◆ **Task statement**
Word for word, reproduce every line of the data.

◆ **Data to examine**
lemma pa_tens2_eq_concat_singles:
  "pa_tens h (pa_tens a xs) = concat (map (\<lambda>p. pa_tens h (pa_tens a [p])) xs)"
  by (subst pa_tens_eq_concat_singles) (simp add: pa_tens_concat comp_def)

lemma pa_tens3_eq_concat_singles:
  "pa_tens h (pa_tens a (pa_tens c xs)) = concat (map (\<lambda>p. pa_tens h (pa_tens a (pa_tens c [p]))) xs)"
  by (subst pa_tens_eq_concat_singles) (simp add: pa_tens_concat comp_def)

lemma partial_module_tens:
  "partial_module scH delta S (@) [] (tens_scale scM) (tens_rel scM scN) pa_tens"
  unfolding partial_module_def
  by (intro conjI allI impI pa_tens_cong pa_tens_add_left pa_tens_scale_left pa_tens_one
        sweedler_from_singles[OF pa_tens3_eq_concat_singles pa_tens2_eq_concat_singles]
        pa_tens_axiom_hk1Sk2_single pa_tens_axiom_h1Sh2k_single
        pa_tens_axiom_hSk1k2_single pa_tens_axiom_Sh1h2k_single)
     (simp_all add: pa_tens_append pa_tens_scale_right tr_refl)

end

theorem mainTheorem16:
  fixes scH :: "'k::field \<Rightarrow> 'h::ring_1 \<Rightarrow> 'h"
    and delta :: "'h \<Rightarrow> ('h \<times> 'h) list"
    and eps :: "'h \<Rightarrow> 'k"
    and S :: "'h \<Rightarrow> 'h"
    and scM :: "'k \<Rightarrow> 'm::ab_group_add \<Rightarrow> 'm"
    and pa :: "'h \<Rightarrow> 'm \<Rightarrow> 'm"
    and scN :: "'k \<Rightarrow> 'n::ab_group_add \<Rightarrow> 'n"
    and act :: "'h \<Rightarrow> 'n \<Rightarrow> 'n"
  assumes "hopf_algebra scH delta eps S"
    and "bij S"
    and "vector_space scM"
    and "partial_module scH delta S (+) 0 scM (=) pa"
    and "left_module scH scN act"
  shows "partial_module scH delta S (@) [] (tens_scale scM) (tens_rel scM scN)
           (tens_act delta pa act)"
proof -
  interpret partial_tensor_module scH delta eps S scM scN pa act
    using assms(1,3-5)
    by (simp add: partial_tensor_module_def partial_tensor_module_axioms_def hopf_tensor_target_def)
  show ?thesis by (rule partial_module_tens)
qed

end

◆ **Exercise solution**
lemma pa_tens2_eq_concat_singles:
  "pa_tens h (pa_tens a xs) = concat (map (\<lambda>p. pa_tens h (pa_tens a [p])) xs)"
  by (subst pa_tens_eq_concat_singles) (simp add: pa_tens_concat comp_def)

lemma pa_tens3_eq_concat_singles:
  "pa_tens h (pa_tens a (pa_tens c xs)) = concat (map (\<lambda>p. pa_tens h (pa_tens a (pa_tens c [p]))) xs)"
  by (subst pa_tens_eq_concat_singles) (simp add: pa_tens_concat comp_def)

lemma partial_module_tens:
  "partial_module scH delta S (@) [] (tens_scale scM) (tens_rel scM scN) pa_tens"
  unfolding partial_module_def
  by (intro conjI allI impI pa_tens_cong pa_tens_add_left pa_tens_scale_left pa_tens_one
        sweedler_from_singles[OF pa_tens3_eq_concat_singles pa_tens2_eq_concat_singles]
        pa_tens_axiom_hk1Sk2_single pa_tens_axiom_h1Sh2k_single
        pa_tens_axiom_hSk1k2_single pa_tens_axiom_Sh1h2k_single)
     (simp_all add: pa_tens_append pa_tens_scale_right tr_refl)

end

theorem mainTheorem16:
  fixes scH :: "'k::field \<Rightarrow> 'h::ring_1 \<Rightarrow> 'h"
    and delta :: "'h \<Rightarrow> ('h \<times> 'h) list"
    and eps :: "'h \<Rightarrow> 'k"
    and S :: "'h \<Rightarrow> 'h"
    and scM :: "'k \<Rightarrow> 'm::ab_group_add \<Rightarrow> 'm"
    and pa :: "'h \<Rightarrow> 'm \<Rightarrow> 'm"
    and scN :: "'k \<Rightarrow> 'n::ab_group_add \<Rightarrow> 'n"
    and act :: "'h \<Rightarrow> 'n \<Rightarrow> 'n"
  assumes "hopf_algebra scH delta eps S"
    and "bij S"
    and "vector_space scM"
    and "partial_module scH delta S (+) 0 scM (=) pa"
    and "left_module scH scN act"
  shows "partial_module scH delta S (@) [] (tens_scale scM) (tens_rel scM scN)
           (tens_act delta pa act)"
proof -
  interpret partial_tensor_module scH delta eps S scM scN pa act
    using assms(1,3-5)
    by (simp add: partial_tensor_module_def partial_tensor_module_axioms_def hopf_tensor_target_def)
  show ?thesis by (rule partial_module_tens)
qed

end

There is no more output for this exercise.